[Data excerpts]

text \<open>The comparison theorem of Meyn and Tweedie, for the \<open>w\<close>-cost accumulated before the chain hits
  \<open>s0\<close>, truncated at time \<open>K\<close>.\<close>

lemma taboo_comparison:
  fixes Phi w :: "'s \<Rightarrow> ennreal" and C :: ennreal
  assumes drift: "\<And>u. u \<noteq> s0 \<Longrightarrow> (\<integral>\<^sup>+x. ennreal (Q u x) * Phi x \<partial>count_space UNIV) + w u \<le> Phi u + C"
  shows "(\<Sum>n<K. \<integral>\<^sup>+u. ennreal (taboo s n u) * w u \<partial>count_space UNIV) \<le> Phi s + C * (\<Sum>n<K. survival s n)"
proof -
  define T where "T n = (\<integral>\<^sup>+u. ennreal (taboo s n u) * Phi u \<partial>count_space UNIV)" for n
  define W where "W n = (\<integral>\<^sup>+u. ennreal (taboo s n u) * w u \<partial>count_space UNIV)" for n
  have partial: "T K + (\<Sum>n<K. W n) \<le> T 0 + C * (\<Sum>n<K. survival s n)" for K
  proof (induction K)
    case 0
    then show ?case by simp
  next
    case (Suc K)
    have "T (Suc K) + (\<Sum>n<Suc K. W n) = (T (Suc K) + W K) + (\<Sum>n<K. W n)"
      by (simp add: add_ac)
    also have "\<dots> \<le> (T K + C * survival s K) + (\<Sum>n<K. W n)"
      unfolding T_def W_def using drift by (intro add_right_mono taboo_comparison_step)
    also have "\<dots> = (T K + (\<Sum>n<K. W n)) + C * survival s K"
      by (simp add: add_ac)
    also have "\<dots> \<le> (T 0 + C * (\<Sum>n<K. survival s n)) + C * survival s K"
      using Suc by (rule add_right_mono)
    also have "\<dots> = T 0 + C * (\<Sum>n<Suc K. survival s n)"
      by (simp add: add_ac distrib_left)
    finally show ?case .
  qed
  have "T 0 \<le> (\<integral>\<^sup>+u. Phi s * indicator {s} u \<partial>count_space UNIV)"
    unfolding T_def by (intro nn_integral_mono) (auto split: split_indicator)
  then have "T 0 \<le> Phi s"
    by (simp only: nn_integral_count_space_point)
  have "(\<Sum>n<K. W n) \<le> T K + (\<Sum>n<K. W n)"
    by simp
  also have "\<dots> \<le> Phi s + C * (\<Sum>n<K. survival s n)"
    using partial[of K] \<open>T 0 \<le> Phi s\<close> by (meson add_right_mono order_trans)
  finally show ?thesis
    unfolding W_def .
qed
...
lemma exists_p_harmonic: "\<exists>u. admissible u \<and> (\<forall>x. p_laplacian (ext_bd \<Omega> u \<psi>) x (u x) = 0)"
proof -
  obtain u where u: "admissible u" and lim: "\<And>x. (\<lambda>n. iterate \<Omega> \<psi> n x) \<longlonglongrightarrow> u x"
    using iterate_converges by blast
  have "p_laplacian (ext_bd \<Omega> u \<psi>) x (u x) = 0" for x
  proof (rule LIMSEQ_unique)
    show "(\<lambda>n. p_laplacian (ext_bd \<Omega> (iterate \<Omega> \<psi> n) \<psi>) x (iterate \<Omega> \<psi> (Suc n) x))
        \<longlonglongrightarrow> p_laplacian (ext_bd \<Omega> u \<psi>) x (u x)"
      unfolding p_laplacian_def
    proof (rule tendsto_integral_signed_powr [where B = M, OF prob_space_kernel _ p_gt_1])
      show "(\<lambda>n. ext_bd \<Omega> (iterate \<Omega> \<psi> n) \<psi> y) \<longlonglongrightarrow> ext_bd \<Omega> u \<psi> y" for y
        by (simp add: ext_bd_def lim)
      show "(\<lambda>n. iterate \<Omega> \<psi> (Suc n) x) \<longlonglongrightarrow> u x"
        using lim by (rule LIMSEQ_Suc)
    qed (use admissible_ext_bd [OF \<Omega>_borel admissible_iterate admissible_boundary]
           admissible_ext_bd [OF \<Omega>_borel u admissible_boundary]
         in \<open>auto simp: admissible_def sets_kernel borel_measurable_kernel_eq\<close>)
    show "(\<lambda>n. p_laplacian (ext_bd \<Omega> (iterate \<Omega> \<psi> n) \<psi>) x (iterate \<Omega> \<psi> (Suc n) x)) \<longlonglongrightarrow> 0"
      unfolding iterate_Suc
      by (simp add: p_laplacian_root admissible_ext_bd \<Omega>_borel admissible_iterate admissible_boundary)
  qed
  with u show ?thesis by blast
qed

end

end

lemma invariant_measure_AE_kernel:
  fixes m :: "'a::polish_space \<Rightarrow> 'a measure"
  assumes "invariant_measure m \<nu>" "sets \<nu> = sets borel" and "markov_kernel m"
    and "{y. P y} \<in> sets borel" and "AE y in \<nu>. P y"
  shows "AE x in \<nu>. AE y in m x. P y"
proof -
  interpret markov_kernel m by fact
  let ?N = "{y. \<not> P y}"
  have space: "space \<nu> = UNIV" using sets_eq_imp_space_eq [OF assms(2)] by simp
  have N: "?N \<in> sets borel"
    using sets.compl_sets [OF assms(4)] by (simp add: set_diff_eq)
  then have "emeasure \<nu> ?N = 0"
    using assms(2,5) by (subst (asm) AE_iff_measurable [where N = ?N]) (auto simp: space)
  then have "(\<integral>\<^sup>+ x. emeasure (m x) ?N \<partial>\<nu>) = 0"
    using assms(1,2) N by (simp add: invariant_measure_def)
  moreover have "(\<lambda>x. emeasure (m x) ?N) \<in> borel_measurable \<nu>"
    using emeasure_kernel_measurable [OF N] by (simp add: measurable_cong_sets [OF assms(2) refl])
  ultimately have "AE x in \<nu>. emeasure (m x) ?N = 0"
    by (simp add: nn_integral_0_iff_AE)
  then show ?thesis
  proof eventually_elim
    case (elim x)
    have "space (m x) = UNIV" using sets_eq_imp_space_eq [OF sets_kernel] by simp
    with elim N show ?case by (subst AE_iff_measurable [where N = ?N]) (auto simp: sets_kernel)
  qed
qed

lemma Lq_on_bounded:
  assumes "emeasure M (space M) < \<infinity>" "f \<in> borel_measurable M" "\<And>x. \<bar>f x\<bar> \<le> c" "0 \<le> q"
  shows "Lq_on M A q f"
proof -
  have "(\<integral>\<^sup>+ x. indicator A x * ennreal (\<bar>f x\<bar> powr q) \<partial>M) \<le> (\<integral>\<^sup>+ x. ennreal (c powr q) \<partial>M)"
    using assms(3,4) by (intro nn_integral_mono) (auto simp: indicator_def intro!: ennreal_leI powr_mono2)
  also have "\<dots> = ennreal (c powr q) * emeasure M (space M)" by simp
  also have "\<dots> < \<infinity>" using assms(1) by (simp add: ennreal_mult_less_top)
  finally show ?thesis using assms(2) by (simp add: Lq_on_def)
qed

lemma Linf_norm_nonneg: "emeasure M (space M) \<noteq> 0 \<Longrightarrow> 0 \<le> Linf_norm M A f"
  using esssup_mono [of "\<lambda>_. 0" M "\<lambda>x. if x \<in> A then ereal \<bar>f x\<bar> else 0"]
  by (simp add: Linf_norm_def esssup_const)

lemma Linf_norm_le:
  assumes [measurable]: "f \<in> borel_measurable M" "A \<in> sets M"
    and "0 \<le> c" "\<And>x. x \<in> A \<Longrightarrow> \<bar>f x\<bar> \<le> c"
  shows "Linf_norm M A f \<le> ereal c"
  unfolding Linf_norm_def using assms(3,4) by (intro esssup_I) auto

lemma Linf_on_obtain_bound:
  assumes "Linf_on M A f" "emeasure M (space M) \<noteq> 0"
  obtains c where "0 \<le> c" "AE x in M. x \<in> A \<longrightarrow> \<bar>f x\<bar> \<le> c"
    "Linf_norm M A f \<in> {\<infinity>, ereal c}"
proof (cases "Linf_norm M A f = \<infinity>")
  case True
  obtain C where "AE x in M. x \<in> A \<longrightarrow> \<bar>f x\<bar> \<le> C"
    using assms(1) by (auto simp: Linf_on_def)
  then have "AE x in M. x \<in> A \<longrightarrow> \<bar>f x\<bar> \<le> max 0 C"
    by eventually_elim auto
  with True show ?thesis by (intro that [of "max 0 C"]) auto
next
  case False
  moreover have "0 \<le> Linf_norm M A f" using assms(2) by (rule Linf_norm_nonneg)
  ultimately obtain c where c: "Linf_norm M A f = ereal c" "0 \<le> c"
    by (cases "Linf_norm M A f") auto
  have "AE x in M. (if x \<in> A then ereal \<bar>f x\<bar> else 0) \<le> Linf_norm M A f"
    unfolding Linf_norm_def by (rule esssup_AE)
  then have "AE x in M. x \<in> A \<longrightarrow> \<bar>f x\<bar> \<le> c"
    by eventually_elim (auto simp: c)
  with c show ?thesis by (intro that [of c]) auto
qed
==
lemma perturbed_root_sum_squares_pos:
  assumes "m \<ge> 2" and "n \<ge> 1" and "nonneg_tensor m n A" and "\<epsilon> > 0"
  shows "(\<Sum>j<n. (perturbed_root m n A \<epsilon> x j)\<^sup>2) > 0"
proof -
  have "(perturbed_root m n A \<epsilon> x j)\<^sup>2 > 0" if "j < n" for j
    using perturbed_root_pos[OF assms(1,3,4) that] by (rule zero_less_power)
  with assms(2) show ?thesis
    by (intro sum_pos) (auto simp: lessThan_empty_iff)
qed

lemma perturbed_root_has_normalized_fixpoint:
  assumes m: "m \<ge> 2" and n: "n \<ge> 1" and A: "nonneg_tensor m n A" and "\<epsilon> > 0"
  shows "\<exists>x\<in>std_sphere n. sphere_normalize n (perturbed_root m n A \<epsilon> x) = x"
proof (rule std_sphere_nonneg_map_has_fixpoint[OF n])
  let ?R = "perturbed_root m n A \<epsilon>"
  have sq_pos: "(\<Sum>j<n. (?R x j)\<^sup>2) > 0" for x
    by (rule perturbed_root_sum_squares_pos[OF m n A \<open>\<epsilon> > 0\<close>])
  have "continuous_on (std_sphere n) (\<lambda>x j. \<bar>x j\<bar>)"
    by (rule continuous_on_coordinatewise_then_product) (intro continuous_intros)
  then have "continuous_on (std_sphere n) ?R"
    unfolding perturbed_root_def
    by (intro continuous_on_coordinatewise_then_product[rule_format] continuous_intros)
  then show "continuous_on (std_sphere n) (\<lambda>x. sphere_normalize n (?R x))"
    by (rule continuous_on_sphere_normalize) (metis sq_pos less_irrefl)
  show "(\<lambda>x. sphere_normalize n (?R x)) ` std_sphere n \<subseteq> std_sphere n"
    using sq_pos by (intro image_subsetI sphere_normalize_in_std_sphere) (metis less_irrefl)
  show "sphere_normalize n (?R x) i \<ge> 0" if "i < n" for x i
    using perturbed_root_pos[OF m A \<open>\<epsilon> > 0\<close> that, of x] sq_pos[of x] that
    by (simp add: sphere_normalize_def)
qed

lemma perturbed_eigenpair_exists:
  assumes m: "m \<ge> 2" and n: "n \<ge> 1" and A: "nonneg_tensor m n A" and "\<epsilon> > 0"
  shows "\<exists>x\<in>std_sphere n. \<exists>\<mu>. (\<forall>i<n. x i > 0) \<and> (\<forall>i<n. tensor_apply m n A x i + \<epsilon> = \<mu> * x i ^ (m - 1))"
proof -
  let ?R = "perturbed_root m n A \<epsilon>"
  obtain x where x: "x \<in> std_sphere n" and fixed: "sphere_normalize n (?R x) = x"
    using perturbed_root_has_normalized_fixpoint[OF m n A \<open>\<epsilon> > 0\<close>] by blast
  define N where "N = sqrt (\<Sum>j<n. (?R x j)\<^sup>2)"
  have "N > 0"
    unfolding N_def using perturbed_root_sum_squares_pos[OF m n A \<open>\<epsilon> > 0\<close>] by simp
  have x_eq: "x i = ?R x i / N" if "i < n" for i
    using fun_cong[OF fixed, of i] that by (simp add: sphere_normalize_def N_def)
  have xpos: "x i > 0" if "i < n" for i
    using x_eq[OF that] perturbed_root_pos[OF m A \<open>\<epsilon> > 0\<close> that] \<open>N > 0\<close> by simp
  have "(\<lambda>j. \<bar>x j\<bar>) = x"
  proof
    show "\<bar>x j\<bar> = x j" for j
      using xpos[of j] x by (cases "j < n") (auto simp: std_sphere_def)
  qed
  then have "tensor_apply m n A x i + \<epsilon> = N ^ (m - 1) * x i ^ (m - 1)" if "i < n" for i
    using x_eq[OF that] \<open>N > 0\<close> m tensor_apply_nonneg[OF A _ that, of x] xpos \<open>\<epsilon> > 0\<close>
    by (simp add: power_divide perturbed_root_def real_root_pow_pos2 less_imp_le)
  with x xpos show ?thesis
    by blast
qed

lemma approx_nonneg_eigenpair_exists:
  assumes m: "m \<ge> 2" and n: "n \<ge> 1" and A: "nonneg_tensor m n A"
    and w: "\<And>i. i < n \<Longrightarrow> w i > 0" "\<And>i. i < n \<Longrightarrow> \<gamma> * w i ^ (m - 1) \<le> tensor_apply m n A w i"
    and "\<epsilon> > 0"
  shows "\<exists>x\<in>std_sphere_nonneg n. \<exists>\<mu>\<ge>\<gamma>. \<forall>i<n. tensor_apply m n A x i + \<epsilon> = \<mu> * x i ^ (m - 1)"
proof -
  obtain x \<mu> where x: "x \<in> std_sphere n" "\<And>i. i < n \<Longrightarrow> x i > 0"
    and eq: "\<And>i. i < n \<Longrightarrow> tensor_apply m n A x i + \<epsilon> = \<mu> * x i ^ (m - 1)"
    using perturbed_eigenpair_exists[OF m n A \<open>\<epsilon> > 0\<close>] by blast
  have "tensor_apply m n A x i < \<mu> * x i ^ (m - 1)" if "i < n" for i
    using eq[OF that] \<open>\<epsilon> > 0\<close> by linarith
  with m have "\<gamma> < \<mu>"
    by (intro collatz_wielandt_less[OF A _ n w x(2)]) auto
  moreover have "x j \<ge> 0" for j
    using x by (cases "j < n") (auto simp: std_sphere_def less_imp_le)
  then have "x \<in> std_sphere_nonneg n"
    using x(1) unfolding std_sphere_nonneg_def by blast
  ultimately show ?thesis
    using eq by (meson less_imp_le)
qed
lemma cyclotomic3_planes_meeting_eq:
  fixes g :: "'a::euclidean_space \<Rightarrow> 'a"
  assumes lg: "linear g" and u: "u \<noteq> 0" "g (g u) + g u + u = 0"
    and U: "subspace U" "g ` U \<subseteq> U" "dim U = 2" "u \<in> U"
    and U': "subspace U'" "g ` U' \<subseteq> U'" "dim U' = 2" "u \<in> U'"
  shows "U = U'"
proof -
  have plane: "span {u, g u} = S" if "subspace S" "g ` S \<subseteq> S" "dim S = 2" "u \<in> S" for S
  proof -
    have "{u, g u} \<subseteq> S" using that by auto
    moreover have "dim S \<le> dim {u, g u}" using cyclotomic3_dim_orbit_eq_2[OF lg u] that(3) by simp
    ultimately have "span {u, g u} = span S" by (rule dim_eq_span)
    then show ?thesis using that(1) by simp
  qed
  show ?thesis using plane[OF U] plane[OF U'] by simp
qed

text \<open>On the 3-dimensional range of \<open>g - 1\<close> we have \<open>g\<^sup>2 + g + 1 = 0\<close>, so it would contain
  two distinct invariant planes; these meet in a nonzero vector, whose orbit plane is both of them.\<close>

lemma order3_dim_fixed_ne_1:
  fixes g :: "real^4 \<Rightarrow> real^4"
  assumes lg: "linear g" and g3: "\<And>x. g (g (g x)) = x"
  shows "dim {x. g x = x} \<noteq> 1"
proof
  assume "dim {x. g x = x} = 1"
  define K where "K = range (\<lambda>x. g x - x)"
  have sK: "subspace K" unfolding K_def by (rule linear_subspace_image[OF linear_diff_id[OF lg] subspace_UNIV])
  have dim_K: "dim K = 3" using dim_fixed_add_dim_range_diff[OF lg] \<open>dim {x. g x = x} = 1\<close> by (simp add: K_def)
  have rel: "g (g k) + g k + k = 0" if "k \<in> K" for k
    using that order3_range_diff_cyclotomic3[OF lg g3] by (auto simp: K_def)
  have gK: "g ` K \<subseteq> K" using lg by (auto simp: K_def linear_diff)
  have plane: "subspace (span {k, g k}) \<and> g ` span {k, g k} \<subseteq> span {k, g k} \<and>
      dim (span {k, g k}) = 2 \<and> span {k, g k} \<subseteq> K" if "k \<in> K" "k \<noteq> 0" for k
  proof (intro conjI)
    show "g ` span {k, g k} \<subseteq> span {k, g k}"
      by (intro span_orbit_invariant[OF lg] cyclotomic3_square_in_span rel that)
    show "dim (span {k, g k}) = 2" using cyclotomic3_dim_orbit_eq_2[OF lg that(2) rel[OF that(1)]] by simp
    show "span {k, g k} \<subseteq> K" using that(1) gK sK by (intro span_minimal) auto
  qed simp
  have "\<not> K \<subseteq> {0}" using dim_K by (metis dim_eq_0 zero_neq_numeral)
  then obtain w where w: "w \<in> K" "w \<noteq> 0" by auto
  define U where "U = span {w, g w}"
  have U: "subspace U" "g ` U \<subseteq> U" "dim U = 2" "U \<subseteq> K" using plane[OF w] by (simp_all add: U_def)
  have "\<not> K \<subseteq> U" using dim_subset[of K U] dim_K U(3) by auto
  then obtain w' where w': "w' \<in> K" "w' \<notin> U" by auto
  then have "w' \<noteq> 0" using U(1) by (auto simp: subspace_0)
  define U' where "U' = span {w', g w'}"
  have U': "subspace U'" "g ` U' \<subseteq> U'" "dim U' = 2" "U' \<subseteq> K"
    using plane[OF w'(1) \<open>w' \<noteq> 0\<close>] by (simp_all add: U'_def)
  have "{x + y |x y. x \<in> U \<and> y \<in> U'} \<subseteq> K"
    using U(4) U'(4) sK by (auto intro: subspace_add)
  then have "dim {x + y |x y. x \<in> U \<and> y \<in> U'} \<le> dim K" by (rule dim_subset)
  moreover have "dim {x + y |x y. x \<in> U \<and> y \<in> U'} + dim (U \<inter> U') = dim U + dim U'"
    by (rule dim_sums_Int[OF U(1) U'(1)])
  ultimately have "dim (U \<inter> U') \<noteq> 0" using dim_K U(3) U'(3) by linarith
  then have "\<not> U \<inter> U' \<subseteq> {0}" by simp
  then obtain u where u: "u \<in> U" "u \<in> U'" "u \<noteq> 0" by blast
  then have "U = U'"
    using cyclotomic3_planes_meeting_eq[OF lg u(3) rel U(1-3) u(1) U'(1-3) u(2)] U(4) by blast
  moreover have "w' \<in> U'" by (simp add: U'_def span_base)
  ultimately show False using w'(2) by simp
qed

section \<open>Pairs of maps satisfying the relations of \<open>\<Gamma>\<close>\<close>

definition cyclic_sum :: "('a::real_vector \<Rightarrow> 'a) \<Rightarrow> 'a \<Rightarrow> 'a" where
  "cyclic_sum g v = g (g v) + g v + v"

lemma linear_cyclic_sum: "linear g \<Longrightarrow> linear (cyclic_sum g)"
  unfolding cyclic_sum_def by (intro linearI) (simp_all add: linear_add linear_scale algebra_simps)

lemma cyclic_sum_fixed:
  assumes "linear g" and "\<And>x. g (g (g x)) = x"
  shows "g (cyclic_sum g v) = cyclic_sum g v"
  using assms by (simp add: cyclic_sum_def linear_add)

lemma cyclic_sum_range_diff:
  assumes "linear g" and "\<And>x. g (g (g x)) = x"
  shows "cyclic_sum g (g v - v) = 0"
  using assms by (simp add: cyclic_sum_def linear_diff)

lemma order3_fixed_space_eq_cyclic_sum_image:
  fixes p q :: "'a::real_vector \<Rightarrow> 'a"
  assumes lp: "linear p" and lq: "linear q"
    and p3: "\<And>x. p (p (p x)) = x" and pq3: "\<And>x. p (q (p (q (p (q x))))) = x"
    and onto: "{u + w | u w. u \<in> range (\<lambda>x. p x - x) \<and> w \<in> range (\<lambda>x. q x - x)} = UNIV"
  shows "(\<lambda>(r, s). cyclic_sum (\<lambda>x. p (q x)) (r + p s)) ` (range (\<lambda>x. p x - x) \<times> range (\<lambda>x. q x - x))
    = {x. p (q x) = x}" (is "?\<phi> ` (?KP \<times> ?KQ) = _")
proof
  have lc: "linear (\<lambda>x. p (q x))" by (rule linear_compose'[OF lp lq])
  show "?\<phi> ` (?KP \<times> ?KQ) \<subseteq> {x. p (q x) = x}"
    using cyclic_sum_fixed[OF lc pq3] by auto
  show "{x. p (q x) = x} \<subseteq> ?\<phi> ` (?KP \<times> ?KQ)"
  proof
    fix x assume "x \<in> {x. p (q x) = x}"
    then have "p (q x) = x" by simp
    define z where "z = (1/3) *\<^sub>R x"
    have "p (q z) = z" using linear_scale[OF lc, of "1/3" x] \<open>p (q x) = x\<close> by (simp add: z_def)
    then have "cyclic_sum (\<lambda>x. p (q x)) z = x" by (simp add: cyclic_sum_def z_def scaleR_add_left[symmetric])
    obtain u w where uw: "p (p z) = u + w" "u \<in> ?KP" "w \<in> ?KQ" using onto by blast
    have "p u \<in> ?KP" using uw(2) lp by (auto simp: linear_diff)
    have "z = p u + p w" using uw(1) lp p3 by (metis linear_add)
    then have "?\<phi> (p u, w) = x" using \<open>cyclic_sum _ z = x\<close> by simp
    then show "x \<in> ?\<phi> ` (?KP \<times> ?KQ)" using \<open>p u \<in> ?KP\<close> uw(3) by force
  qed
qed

[Assigned task] With the first line being the one containing "text \<open>The comparison" and the last line the one containing "define T where", transcribe exactly the lines above that fall in that range.

[Result]
text \<open>The comparison theorem of Meyn and Tweedie, for the \<open>w\<close>-cost accumulated before the chain hits
  \<open>s0\<close>, truncated at time \<open>K\<close>.\<close>

lemma taboo_comparison:
  fixes Phi w :: "'s \<Rightarrow> ennreal" and C :: ennreal
  assumes drift: "\<And>u. u \<noteq> s0 \<Longrightarrow> (\<integral>\<^sup>+x. ennreal (Q u x) * Phi x \<partial>count_space UNIV) + w u \<le> Phi u + C"
  shows "(\<Sum>n<K. \<integral>\<^sup>+u. ennreal (taboo s n u) * w u \<partial>count_space UNIV) \<le> Phi s + C * (\<Sum>n<K. survival s n)"
proof -
  define T where "T n = (\<integral>\<^sup>+u. ennreal (taboo s n u) * Phi u \<partial>count_space UNIV)" for n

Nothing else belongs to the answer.